Sun-pung’s had the least dramatic courtship so I think it was smart to start off the series with his and Eun-ji’s romance — I know I was tuning in to the earlier episodes mostly to follow their development. I’m a little sad that the Sun-pung–Eun-ji relationship will probably recede now, since they are my favorite pair, but I suppose they need to make room for the others now.
The foursome of Jin-pung, Dae-pung, Su-jin, and Bok-shil return from their fishing expedition with each person in dejected spirits. Jin-pung has shared some quality time with Su-jin, which both enjoyed, but then he had to witness his brother making the moves on her. Su-jin doesn’t encourage Dae-pung’s advances — nor does she welcome his demand for a do-over date, since she didn’t come to see the musical with him — but he just isn’t listening to her. If we’re cutting Dae-pung some slack, we could argue that he’s merely misinterpreting her lack of interest for coyness and thinks he can win her over if he just proves that he’s a decent guy. But on the other hand, he has to be aware of his brother’s feelings for Su-jin, and he’s taking advantage of the knowledge that Jin-pung isn’t going to fight him for her.
Bok-shil has gotten the message very clearly that Dae-pung has never seen her as a woman, and is heartbroken. Now, if you’ve been frustrated with Bok-shil’s lingering affections, I understand. So it’s with thanks that I see her deciding to get over it all and put this whole thing behind her, as she explains to Mi-ran over drinks.
Although Bok-shil has been clinging to false hope that Dae-pung may come around, she isn’t delusional — she admits it’s always been a one-sided thing, and she knows it sounds pathetic. Her mood is rueful as she decides that enough is enough. She does make one last speech explaining why she fell for him in the first place, though: “He’s a good man. On the outside he seems like a player and a jokester, but he’s innocent and naive, with a warm heart.”
Bok-shil: “But he has one flaw… He always confuses me. One day he teases me, another day he seems like he likes me, and another day he acts like he doesn’t notice me. One day I’m ‘Nurse Kim’ and another day I’m ‘Bok-shil puppy.’ One day he goes out to date another woman, but another day he holds my hand as we walk.”
She clarifies that she didn’t hang around the family because of Dae-pung: “I just liked to see a family living like that, and I wanted to be included.” She has no family, you see. Her mother died, and although her father is alive, she hasn’t seen him in years.
Sun-pung and Eun-ji return from their honeymoon, and first have dinner with her parents. The uncomfortable atmosphere is all Oh-Ma’s doing, as she criticizes everything Sun-pung does, while he nervously tries to please her. For instance, Oh-Ma points out her exquisite lace napkins, which he compliments and uses — only to set one on fire by accident from the candle.
Young-dal feels sorry for not warning him in advance about how difficult Oh-Ma can be. But more important than pity, “We have to unite forces now!” He’s relieved to finally have a fellow man to commiserate with, after all these years.

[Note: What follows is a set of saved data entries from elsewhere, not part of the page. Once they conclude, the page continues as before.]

lemma tail_gfun_coeff_tendsto_unit_seq:
  "(\<lambda>K. l2_norm (\<lambda>j. unit_seq m j - tail_gfun_coeff m (Suc K) j)) \<longlonglongrightarrow> 0"
proof (rule l2_norm_tendsto_zeroI)
  define r where "r j = real (m + 1) / (real j + 1)" for j
  have r_nonneg: "r j \<ge> 0" and r_less_1: "j > m \<Longrightarrow> r j < 1" for j
    by (auto simp: r_def)
  have diff: "(norm (unit_seq m j - tail_gfun_coeff m K j))\<^sup>2 = (if j \<le> m then 0 else (r j ^ K)\<^sup>2)" for K j
    by (auto simp: tail_gfun_coeff_of_real unit_seq_def r_def norm_minus_commute add.commute
        simp del: of_real_power)
  show "(\<lambda>K. \<Sum>j. (norm (unit_seq m j - tail_gfun_coeff m (Suc K) j))\<^sup>2) \<longlonglongrightarrow> 0"
    unfolding diff
  proof (rule suminf_tendsto_zero_dominated)
    show "(\<lambda>K. if j \<le> m then 0 else (r j ^ Suc K)\<^sup>2) \<longlonglongrightarrow> 0" for j
    proof (cases "j \<le> m")
      case False
      then have "(\<lambda>K. r j ^ Suc K) \<longlonglongrightarrow> 0"
        using r_nonneg[of j] r_less_1[of j] by (intro LIMSEQ_Suc LIMSEQ_power_zero) simp
      from tendsto_power[OF this, of 2] False show ?thesis by simp
    qed simp
    show "norm (if j \<le> m then 0 else (r j ^ Suc K)\<^sup>2) \<le> (r j)\<^sup>2" for K j
    proof -
      have "r j ^ Suc K \<le> r j" if "j > m"
        using power_decreasing[of 1 "Suc K" "r j"] r_nonneg[of j] r_less_1[OF that] by simp
      then show ?thesis
        using r_nonneg[of j] by (auto intro!: power_mono)
    qed
    have "(r j)\<^sup>2 = (real m + 1)\<^sup>2 * (norm (gfun_coeff 1 j))\<^sup>2" for j
      by (simp add: r_def norm_gfun_coeff power_divide)
    then show "summable (\<lambda>j. (r j)\<^sup>2)"
      using square_summable_gfun_coeff[of 1] by (simp add: square_summable_def summable_mult)
  qed simp
qed

lemma gfun_approximable_tail_gfun_coeff:
  assumes "\<And>i. i < m \<Longrightarrow> gfun_approximable (unit_seq i)" "K \<ge> 1"
  shows "gfun_approximable (tail_gfun_coeff m K)"
proof -
  have "gfun_approximable (gfun_coeff K)"
    using assms(2) by (intro gfun_approximable_if_in_gfun_span gfun_coeff_in_gfun_span)
  moreover have "gfun_approximable (\<lambda>j. \<Sum>i<m. gfun_coeff K i * unit_seq i j)"
    using assms(1) by (intro gfun_approximable_sum gfun_approximable_cmult) simp
  ultimately have "gfun_approximable
      (\<lambda>j. of_nat (m + 1) ^ K * (gfun_coeff K j - (\<Sum>i<m. gfun_coeff K i * unit_seq i j)))"
    by (intro gfun_approximable_cmult gfun_approximable_diff)
  also have "(\<lambda>j. of_nat (m + 1) ^ K * (gfun_coeff K j - (\<Sum>i<m. gfun_coeff K i * unit_seq i j)))
      = tail_gfun_coeff m K"
    by (simp add: fun_eq_iff tail_gfun_coeff_def sum_unit_seq)
  finally show ?thesis .
qed

lemma gfun_approximable_unit_seq: "gfun_approximable (unit_seq m)"
proof (induction m rule: less_induct)
  case (less m)
  show ?case
    by (rule gfun_approximable_limit[OF square_summable_unit_seq _ tail_gfun_coeff_tendsto_unit_seq])
       (simp add: gfun_approximable_tail_gfun_coeff less)
qed

lemma gfun_approximable_iff_square_summable: "gfun_approximable b \<longleftrightarrow> square_summable b"
  using gfun_approximable_if_unit_seqs[OF gfun_approximable_unit_seq]
  by (auto simp: gfun_approximable_def)

theorem mainTheorem11:
  shows "(\<forall>k\<ge>1. gfun k \<in> H2) \<and>
    (\<forall>f\<in>H2. \<forall>\<epsilon>>0. \<exists>S c. finite S \<and> S \<subseteq> {1..} \<and>
        H2_norm (\<lambda>z. f z - (\<Sum>k\<in>S. c k * gfun k z)) < \<epsilon>)"
proof (intro conjI allI impI ballI)
  fix k :: nat
  assume "k \<ge> 1"
  then show "gfun k \<in> H2"
    using square_summable_gfun_coeff[of k] holomorphic_gfun[of k]
    by (simp add: H2_def hardy_coeff_gfun square_summable_def)
next
  fix f and \<epsilon> :: real
  assume "f \<in> H2" "\<epsilon> > 0"
  then have holo: "f holomorphic_on ball 0 1" and "gfun_approximable (hardy_coeff f)"
    by (simp_all add: H2_def gfun_approximable_iff_square_summable square_summable_def)
  then obtain a where "a \<in> gfun_span" and approx: "l2_norm (\<lambda>j. hardy_coeff f j - a j) < \<epsilon>"
    using gfun_approximableD \<open>\<epsilon> > 0\<close> by blast
  then obtain S c where S: "finite S" "S \<subseteq> {1..}" and a: "a = (\<lambda>j. \<Sum>k\<in>S. c k * gfun_coeff k j)"
    unfolding gfun_span_def by blast
  have "H2_norm (\<lambda>z. f z - (\<Sum>k\<in>S. c k * gfun k z)) = l2_norm (\<lambda>j. hardy_coeff f j - a j)"
    by (simp add: a H2_norm_def l2_norm_def hardy_coeff_diff_gfun_sum[OF holo])
  with S approx show "\<exists>S c. finite S \<and> S \<subseteq> {1..} \<and>
      H2_norm (\<lambda>z. f z - (\<Sum>k\<in>S. c k * gfun k z)) < \<epsilon>"
    by (metis (no_types, lifting))
qed

end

Eun-ji tries to smooth things over with her mother. She knows Oh-Ma is upset at her early marriage, but Sun-pung is a good man who loves her and makes her happy. Oh-Ma remains petulant, causing Eun-ji to storm off in tears at how unfair she’s being.
With Dae-pung pressing his courtship of Su-jin, Jin-pung grows short with him but keeps his dissatisfaction bottled up inside. Dae-pung tests the waters, asking for his brother’s approval to take Su-jin to a musical, and Jin-pung tells him to go. There’s a sweet and sad moment when Su-jin peers into the pharmacy, where Jin-pung broods, and lifts a hand to the glass. She obviously prefers Jin-pung’s company but she needs some encouragement from him, and because of Dae-pung’s involvement, Big Bro has retreated.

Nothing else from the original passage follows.